===== GIVEN ENTRIES
lemma infinite_emeasure_piece:
  assumes "emeasure M (space M) = \<infinity>" "finite I" "\<And>i. i \<in> I \<Longrightarrow> A i \<in> sets M"
    "(\<Union>i\<in>I. A i) = space M"
  obtains i where "i \<in> I" "emeasure M (A i) = \<infinity>"
proof -
  have "emeasure M (space M) \<le> (\<Sum>i\<in>I. emeasure M (A i))"
    using emeasure_subadditive_finite[of I A M] assms by auto
  then have "(\<Sum>i\<in>I. emeasure M (A i)) = \<infinity>" using assms(1) by (simp add: top_unique)
  then have "\<exists>i\<in>I. \<not> emeasure M (A i) < \<infinity>"
    using ennreal_sum_less_top[OF assms(2), of "\<lambda>i. emeasure M (A i)"] by auto
  then obtain i where "i \<in> I" "\<not> emeasure M (A i) < \<infinity>" by blast
  then show ?thesis using that[of i] by (simp add: less_top[symmetric])
qed

abbreviation step_fun :: "'i set \<Rightarrow> ('i \<Rightarrow> real) \<Rightarrow> ('i \<Rightarrow> 'a set) \<Rightarrow> 'a \<Rightarrow> real" where
  "step_fun I a A \<equiv> \<lambda>x. \<Sum>i\<in>I. a i * indicator (A i) x"

lemma step_fun_eq:
  assumes "finite I" "disjoint_family_on A I" "i \<in> I" "x \<in> A i"
  shows "step_fun I a A x = a i"
proof -
  have "x \<notin> A j" if "j \<in> I - {i}" for j
    using assms(2-4) that unfolding disjoint_family_on_def by blast
  then have "(\<Sum>j\<in>I - {i}. a j * indicator (A j) x) = 0"
    by (intro sum.neutral) simp
  then show ?thesis using sum.remove[OF assms(1,3), of "\<lambda>j. a j * indicator (A j) x"] assms(4) by simp
qed

lemma borel_measurable_step_fun:
  assumes "\<And>i. i \<in> I \<Longrightarrow> A i \<in> sets M"
  shows "step_fun I a A \<in> borel_measurable M"
proof (rule borel_measurable_sum)
  fix i assume "i \<in> I"
  then have [measurable]: "A i \<in> sets M" using assms by simp
  show "(\<lambda>x. a i * indicator (A i) x) \<in> borel_measurable M" by measurable
qed

lemma GpkI:
  assumes "memLp M p (step_fun {1..l} a A)" "l \<le> k" "\<And>i. i \<in> {1..l} \<Longrightarrow> A i \<in> sets M"
    "disjoint_family_on A {1..l}" "(\<Union>i\<in>{1..l}. A i) = space M"
  shows "step_fun {1..l} a A \<in> Gpk M p k"
  using assms unfolding Gpk_def by blast

lemma GpkE:
  assumes "h \<in> Gpk M p k"
  obtains l A a where "memLp M p h" "l \<le> k" "\<And>i. i \<in> {1..l} \<Longrightarrow> A i \<in> sets M"
    "disjoint_family_on A {1..l}" "(\<Union>i\<in>{1..l}. A i) = space M" "h = step_fun {1..l} a A"
  using assms unfolding Gpk_def by blast

lemma Gpk_mono: "k \<le> k' \<Longrightarrow> Gpk M p k \<subseteq> Gpk M p k'"
  unfolding Gpk_def by (blast intro: order_trans)

definition Lp_err :: "'a measure \<Rightarrow> real \<Rightarrow> ('a \<Rightarrow> real) \<Rightarrow> ('a \<Rightarrow> real) \<Rightarrow> real" where
  "Lp_err M p f h = (\<integral>x. \<bar>f x - h x\<bar> powr p \<partial>M)"

lemma minimizer_iff_Lp_err:
  assumes p: "0 < p"
  shows "minimizer M p k f g \<longleftrightarrow> g \<in> Gpk M p k \<and> (\<forall>h\<in>Gpk M p k. Lp_err M p f g \<le> Lp_err M p f h)"
proof -
  have norm: "Lp_norm M p (\<lambda>x. f x - h x) = Lp_err M p f h powr (1 / p)" for h
    by (simp add: Lp_norm_def Lp_err_def)
  have norm_le_iff: "Lp_norm M p (\<lambda>x. f x - g x) \<le> Lp_norm M p (\<lambda>x. f x - h x) \<longleftrightarrow>
      Lp_err M p f g \<le> Lp_err M p f h" for h
    unfolding norm using p by (intro powr_le_powr_iff) (auto simp: Lp_err_def)
  have bdd: "bdd_below ((\<lambda>h. Lp_norm M p (\<lambda>x. f x - h x)) ` Gpk M p k)"
    by (rule bdd_belowI2[of _ 0]) (simp add: norm)
  show ?thesis
  proof
    assume m: "minimizer M p k f g"
    have "Lp_err M p f g \<le> Lp_err M p f h" if "h \<in> Gpk M p k" for h
      using m cINF_lower[OF bdd that] norm_le_iff[of h] by (simp add: minimizer_def Dpk_def)
    then show "g \<in> Gpk M p k \<and> (\<forall>h\<in>Gpk M p k. Lp_err M p f g \<le> Lp_err M p f h)"
      using m by (simp add: minimizer_def)
  next
    assume g: "g \<in> Gpk M p k \<and> (\<forall>h\<in>Gpk M p k. Lp_err M p f g \<le> Lp_err M p f h)"
    have "Dpk M p k f = Lp_norm M p (\<lambda>x. f x - g x)"
      unfolding Dpk_def
    proof (rule cInf_eq_minimum)
      fix y assume "y \<in> (\<lambda>h. Lp_norm M p (\<lambda>x. f x - h x)) ` Gpk M p k"
      then obtain h where "h \<in> Gpk M p k" "y = Lp_norm M p (\<lambda>x. f x - h x)" by blast
      then show "Lp_norm M p (\<lambda>x. f x - g x) \<le> y" using g norm_le_iff[of h] by simp
    qed (use g in blast)
    then show "minimizer M p k f g" using g by (simp add: minimizer_def)
  qed
qed

section \<open>Existence of best approximations\<close>

(* real_of_ereal sends infinite values to 0, so an infinite candidate value is simply absent. *)
definition two_point_err :: "real \<Rightarrow> ereal \<Rightarrow> real \<Rightarrow> real" where
  "two_point_err p e y = min (\<bar>y\<bar> powr p) (\<bar>y - real_of_ereal e\<bar> powr p)"

primrec nearest_err :: "real \<Rightarrow> nat \<Rightarrow> (nat \<Rightarrow> ereal) \<Rightarrow> real \<Rightarrow> real" where
  "nearest_err p 0 v y = \<bar>y\<bar> powr p"
| "nearest_err p (Suc m) v y = min (nearest_err p m v y) (two_point_err p (v m) y)"

lemma two_point_err_far:
  fixes y r p :: real
  assumes "0 < p" "2 * \<bar>y\<bar> + 1 < \<bar>r\<bar>"
  shows "two_point_err p (ereal r) y = \<bar>y\<bar> powr p"
  using assms powr_mono2[of p "\<bar>y\<bar>" "\<bar>y - r\<bar>"] by (simp add: two_point_err_def)

lemma two_point_err_infinite:
  "two_point_err p \<infinity> y = \<bar>y\<bar> powr p" "two_point_err p (- \<infinity>) y = \<bar>y\<bar> powr p"
  by (simp_all add: two_point_err_def)

lemma tendsto_two_point_err:
  assumes p: "0 < p" and X: "X \<longlonglongrightarrow> L"
  shows "(\<lambda>n. two_point_err p (X n) y) \<longlonglongrightarrow> two_point_err p L y"
proof (cases "\<bar>L\<bar> = \<infinity>")
  case False
  then obtain r where r: "L = ereal r" by (cases L) auto
  then have "(\<lambda>n. real_of_ereal (X n)) \<longlonglongrightarrow> r" using X by simp
  then show ?thesis using r p unfolding two_point_err_def by (auto intro!: tendsto_intros)
next
  case True
  have "eventually (\<lambda>n. ereal (2 * \<bar>y\<bar> + 1) < \<bar>X n\<bar>) sequentially"
    using tendsto_abs_ereal[OF X] True by (intro order_tendstoD(1)) auto
  then have "eventually (\<lambda>n. two_point_err p (X n) y = two_point_err p L y) sequentially"
  proof eventually_elim
    case (elim n)
    then show ?case using True two_point_err_far[OF p, of y]
      by (cases "X n"; cases L) (auto simp: two_point_err_infinite)
  qed
  then show ?thesis by (rule tendsto_eventually)
qed

lemma tendsto_nearest_err:
  assumes "0 < p" "\<And>j. j < m \<Longrightarrow> (\<lambda>n. X n j) \<longlonglongrightarrow> L j"
  shows "(\<lambda>n. nearest_err p m (X n) y) \<longlonglongrightarrow> nearest_err p m L y"
  using assms(2) by (induction m) (auto intro!: tendsto_min tendsto_two_point_err[OF assms(1)])

lemma nearest_err_nonneg: "0 \<le> nearest_err p m v y"
  by (induction m) (auto simp: two_point_err_def)

lemma nearest_err_le_abs_powr: "nearest_err p m v y \<le> \<bar>y\<bar> powr p"
  by (induction m) auto

lemma nearest_err_le: "j < m \<Longrightarrow> nearest_err p m v y \<le> \<bar>y - real_of_ereal (v j)\<bar> powr p"
  by (induction m) (auto simp: less_Suc_eq two_point_err_def)

lemma nearest_err_ge:
  assumes "0 < p" "\<bar>y - c\<bar> \<le> \<bar>y\<bar>" "\<And>j. j < m \<Longrightarrow> \<bar>y - c\<bar> \<le> \<bar>y - real_of_ereal (v j)\<bar>"
  shows "\<bar>y - c\<bar> powr p \<le> nearest_err p m v y"
  using assms by (induction m) (auto simp: two_point_err_def intro: powr_mono2)

lemma borel_measurable_nearest_err[measurable]:
  "f \<in> borel_measurable M \<Longrightarrow> (\<lambda>x. nearest_err p m v (f x)) \<in> borel_measurable M"
  by (induction m) (simp_all add: two_point_err_def)

lemma integrable_nearest_err:
  assumes "memLp M p f"
  shows "integrable M (\<lambda>x. nearest_err p m v (f x))"
proof (rule Bochner_Integration.integrable_bound)
  show "integrable M (\<lambda>x. \<bar>f x\<bar> powr p)" using assms by (simp add: memLp_def)
  show "(\<lambda>x. nearest_err p m v (f x)) \<in> borel_measurable M"
    using assms by (intro borel_measurable_nearest_err) (simp add: memLp_def)
  show "AE x in M. norm (nearest_err p m v (f x)) \<le> norm (\<bar>f x\<bar> powr p)"
    using nearest_err_nonneg nearest_err_le_abs_powr by (intro AE_I2) simp
qed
==========
### PROMPT
Go through the records and show every line with the string "space" in it.

### TASK OUTPUT
  assumes "emeasure M (space M) = \<infinity>" "finite I" "\<And>i. i \<in> I \<Longrightarrow> A i \<in> sets M"
    "(\<Union>i\<in>I. A i) = space M"
  have "emeasure M (space M) \<le> (\<Sum>i\<in>I. emeasure M (A i))"
    "disjoint_family_on A {1..l}" "(\<Union>i\<in>{1..l}. A i) = space M"
    "disjoint_family_on A {1..l}" "(\<Union>i\<in>{1..l}. A i) = space M" "h = step_fun {1..l} a A"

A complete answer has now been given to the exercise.